As I said, I think that anyone coercing a woman into wearing a religious garment against her will should be punished for it.
But I don’t think that banning the garment, or discriminating against those wearing it, are good options either.
You’re concerned about the women without a choice, but a woman without the choice to wear something has had her freedom to choose removed just as effectively as a woman without the choice not to wear it.
(And to be clear, I’m speaking of the specific example of Ms. Safi; Ms. Ishaq is a different case, but one who more explicitly illustrates that some women wear niqab of their own choice.)
I’d say that shapeless full face and body coverings just for women are pretty much the sine qua non for religious/cultural misogyny. Some may be empowered by wearing them, but in the aggregate I find the full face and body coverings to embodiment of treating women as inferior, and the property of men.
I can choose to wear a KKK hat and gown or a tshirt with “I want to be Hitlers gay husband” on it. I should be allowed to wear it if I want to but I can’t expect to make many new friends…
What I have said is that I think that in the aggregate full face and body coverings like the burqa and niqab are the sine qua non for religious/cultural misogyny. I don’t see you actually disagreeing with that characterization in your post to me. But that doesn’t necessarily mean that they can or should be generally banned, just as don’t think that Westboro Baptist Church can or should be generally banned. But that doesn’t give them universal license to do whatever they want.
What I do think is that we must not privilege religion. Religious beliefs and practices should have no more or fewer rights than secular ones. And full face masks can and should be regulated on an equal basis whether they are balaclavas or religious full face masks. (I’d add that full face veils are even more concealing than a form fitting balaclava, so they certainly deserve the same treatment, not less.)
I’d like to see religion turned into puppies and rainbows, or something equally benign. But that doesn’t imply that I think the government should “intervene.”

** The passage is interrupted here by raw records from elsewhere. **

lemma gk_state_invariant:
  "fst (gk_state A k) \<subseteq> {1..k} \<and> card (fst (gk_state A k)) = unpaired A k
   \<and> snd (gk_state A k) = {j\<in>{1..k}. j \<in> A \<and> 0 < unpaired A (j - 1)}"
proof (induction k)
  case 0
  then show ?case by simp
next
  case (Suc k)
  obtain U R where UR: "gk_state A k = (U, R)" by fastforce
  from Suc UR have U_sub: "U \<subseteq> {1..k}" and U_card: "card U = unpaired A k"
    and R_eq: "R = {j\<in>{1..k}. j \<in> A \<and> 0 < unpaired A (j - 1)}" by auto
  have fin: "finite U" using U_sub finite_subset by blast
  have R_Suc: "{j\<in>{1..Suc k}. j \<in> A \<and> 0 < unpaired A (j - 1)} =
     (if Suc k \<in> A \<and> 0 < unpaired A k then insert (Suc k) R else R)"
    using R_eq by (auto simp: le_Suc_eq)
  show ?case
  proof (cases "Suc k \<in> A")
    case False
    have "Suc k \<notin> U" using U_sub by auto
    then show ?thesis using False UR U_sub U_card fin R_Suc by auto
  next
    case True
    show ?thesis
    proof (cases "U = {}")
      case False
      have "card (U - {Max U}) = card U - 1" using False fin by simp
      moreover have "0 < unpaired A k" using U_card False fin by (metis card_gt_0_iff)
      ultimately show ?thesis using True False UR U_sub U_card R_Suc by auto
    next
      case U_empty: True
      then have "unpaired A k = 0" using U_card by simp
      then show ?thesis using True U_empty UR R_Suc by auto
    qed
  qed
qed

No, I’m not mixing them. When I say we should not privilege religion I mean just that. You shouldn’t be exempt from the rules that apply to all of us by saying “Religion!”. If I can legally be prohibited from wearing a full face mask such a balaclava in a store, you should be legally be subject to the exact same prohibition, even if you say your balaclava is “religious”.

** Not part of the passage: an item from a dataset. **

(* Let $A$ be a $C^*$-algebra, $X$ a full Hilbert $A$-module, $H,K$ Hilbert spaces, $\Phi\in\mathcal{C}(X,L(H,K))$, with Stinespring construction $(\pi_\Phi,H_\Phi,K_\Phi,V_\Phi,W_\Phi)$. Then: (1) $\Phi_I=\Phi$; (2) if $T\oplus S\in\pi_\Phi(X)'$ with $T\oplus S\geq 0$ and $\lambda>0$, then $\Phi_{\lambda T}=\lambda\Phi_T$; (3) if $T_1\oplus S_1,\ T_2\oplus S_2\in\pi_\Phi(X)'$ and $0\leq T_1\leq T_2$, then $\Phi_{\sqrt{T_1}}\curlyeqprec\Phi_{\sqrt{T_2}}$.
   Context: A Hilbert $A$-module $X$ is a right $A$-module with an $A$-valued inner product $\langle\cdot,\cdot\rangle$ (conjugate linear in the first and $A$-linear in the second variable), complete in the norm $\|x\|=\|\langle x,x\rangle\|^{1/2}$; it is full if the closed two-sided ideal generated by $\{\langle x,y\rangle\}$ is $A$. A map $\Phi:X\to L(H,K)$ is completely positive if there is a completely positive map $\varphi:A\to L(H)$ with $\Phi(x)^*\Phi(y)=\varphi(\langle x,y\rangle)$ for all $x,y\in X$; $\mathcal{C}(X,L(H,K))$ is the set of such maps. For $\Phi,\Psi\in\mathcal{C}(X,L(H,K))$ write $\Phi\curlyeqprec\Psi$ if $\Phi(x)^*\Phi(x)\leq\Psi(x)^*\Psi(x)$ for all $x\in X$. $[Y]$ denotes closed linear span and $p_M$ orthogonal projection onto $M$. A representation of $X$ on $H',K'$ is a map $\pi:X\to L(H',K')$ with a $*$-representation $\pi_A$ of $A$ on $H'$ such that $\pi(x)^*\pi(y)=\pi_A(\langle x,y\rangle)$. The Stinespring construction of $\Phi$ (with associated $\varphi$) is $(\pi_\Phi,H_\Phi,K_\Phi,V_\Phi,W_\Phi)$ where: $\pi_\varphi$ is a $*$-representation of $A$ on $H_\Phi$, $V_\Phi\in L(H,H_\Phi)$, $\varphi(a)=V_\Phi^*\pi_\varphi(a)V_\Phi$, $[\pi_\varphi(A)V_\Phi H]=H_\Phi$; $K_\Phi=[\Phi(X)H]\subseteq K$; $\pi_\Phi:X\to L(H_\Phi,K_\Phi)$ is the representation with underlying $*$-representation $\pi_\varphi$ determined by $\pi_\Phi(x)\pi_\varphi(a)V_\Phi h=\Phi(xa)h$; $W_\Phi\in L(K,K_\Phi)$ is the coisometry $W_\Phi k=p_{K_\Phi}k$; then $\Phi(x)=W_\Phi^*\pi_\Phi(x)V_\Phi$. The commutant is the $C^*$-algebra $\pi_\Phi(X)'=\{T\oplus S\in L(H_\Phi\oplus K_\Phi):\pi_\Phi(x)T=S\pi_\Phi(x),\ \pi_\Phi(x)^*S=T\pi_\Phi(x)^*\ \forall x\}$. Since $\pi_\Phi$ is non-degenerate, an element $T\oplus S\in\pi_\Phi(X)'$ is uniquely determined by $T$, and $T\oplus S\ge0$ whenever $T\ge 0$. For a positive $T\oplus S\in\pi_\Phi(X)'$ one defines $\Phi_T:X\to L(H,K)$ by $\Phi_T(x)=W_\Phi^*\sqrt{S}\,\pi_\Phi(x)\sqrt{T}\,V_\Phi$ (this is completely positive); $\Phi_{\sqrt{T}}$ refers to the positive element $\sqrt{T}\oplus\sqrt{S}$ of $\pi_\Phi(X)'$, and $I$ denotes $I\oplus I$. *)

theory Defs
  imports "HOL-Analysis.Analysis"
begin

You can say “religion” or “freedom of speech” but both are rights that compete with other rights and are subject to limitations. If your religion says you should wear sunglasses, and only sunglasses, you don’t get to ignore the no shoes, no shirt no service sign on a business and say that your religious right to nudity requires the business owner to serve you. Likewise, there are legitimate secular reasons for prohibiting full face masks. Let me emphasize this again a headscarf is not a full face mask. The details matter in determining the balance of rights.
Question for you:
In the aggregate, do you feel that full face and body coverings such as a niqab or burka are a positive symbol of women’s freedom? Yes or no?
Banks routinely say “do not come into our establishment on Halloween wearing a mask” because of concerns over robbery, this is the basis for my comment. If banks are OK with niqab, then I stand corrected.

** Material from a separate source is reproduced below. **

(* Let $\mathbb{H}$ be a real-valued function on all quantum channels between finite-dimensional systems that satisfies monotonicity and additivity (as in the definition of channel entropy, without the normalization requirement) and is not identically zero. Then $\mathbb{H}(\mathbf{u}_2)>0$, where $\mathbf{u}_2$ is the uniform qubit state viewed as a channel with trivial input.
   Context: Systems are finite-dimensional; $\mathbf{u}^B=I^B/|B|$; a state $\rho^B$ is identified with the channel $\mathbb{C}\to B$, $1\mapsto\rho$. A superchannel from $\mathrm{CPTP}(A\to B)$ to $\mathrm{CPTP}(A'\to B)$ is $\Theta[\mathcal{N}]=\mathcal{E}^{RB\to B}\circ\mathcal{N}^{A\to B}\circ\mathcal{V}^{A'\to RA}$ with $\mathcal{V}$ an isometry channel and $\mathcal{E}$ a channel; it is mixing if in a realization with minimal $|R|$, $\mathcal{E}(\tau^R\otimes\mathbf{u}^B)=\mathbf{u}^B$ for every density matrix $\tau^R$. For same output system, $\mathcal{N}\succ\mathcal{M}$ iff $\mathcal{M}=\Theta[\mathcal{N}]$ for a mixing $\Theta$. For $\mathcal{N}\in\mathrm{CPTP}(A\to B)$, $\mathcal{M}\in\mathrm{CPTP}(A'\to B')$ in general: if $|B|>|B'|$, $\mathcal{N}\succ\mathcal{M}$ iff $\mathcal{N}\succ\mathcal{U}\circ\mathcal{M}$ for some isometry channel $\mathcal{U}:B'\to B$; if $|B|\le|B'|$, iff $\mathcal{W}\circ\mathcal{N}\succ\mathcal{M}$ for some isometry channel $\mathcal{W}:B\to B'$. Monotonicity: $\mathcal{N}^{A\to B}\succ\mathcal{M}^{A'\to B'}$ implies $\mathbb{H}(\mathcal{N})\le\mathbb{H}(\mathcal{M})$. Additivity: $\mathbb{H}(\mathcal{N}\otimes\mathcal{M})=\mathbb{H}(\mathcal{N})+\mathbb{H}(\mathcal{M})$. *)

theory Defs
  imports Complex_Main
begin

Or, is it basically the opposite? The KKK and Nazis are reviled by many because they were oppressors and murderers. But instead of having a problem with the uniform of the oppressor, what people seem to be doing here is persecuting the would-be uniform of who they say is the victim. Because the victim inspires associations you to feel uncomfortable about.
There is pretty much no way to rationalize criticising their appearance on a cultural basis without drawing them into your own ideological symbols and polarities which they may want no part of.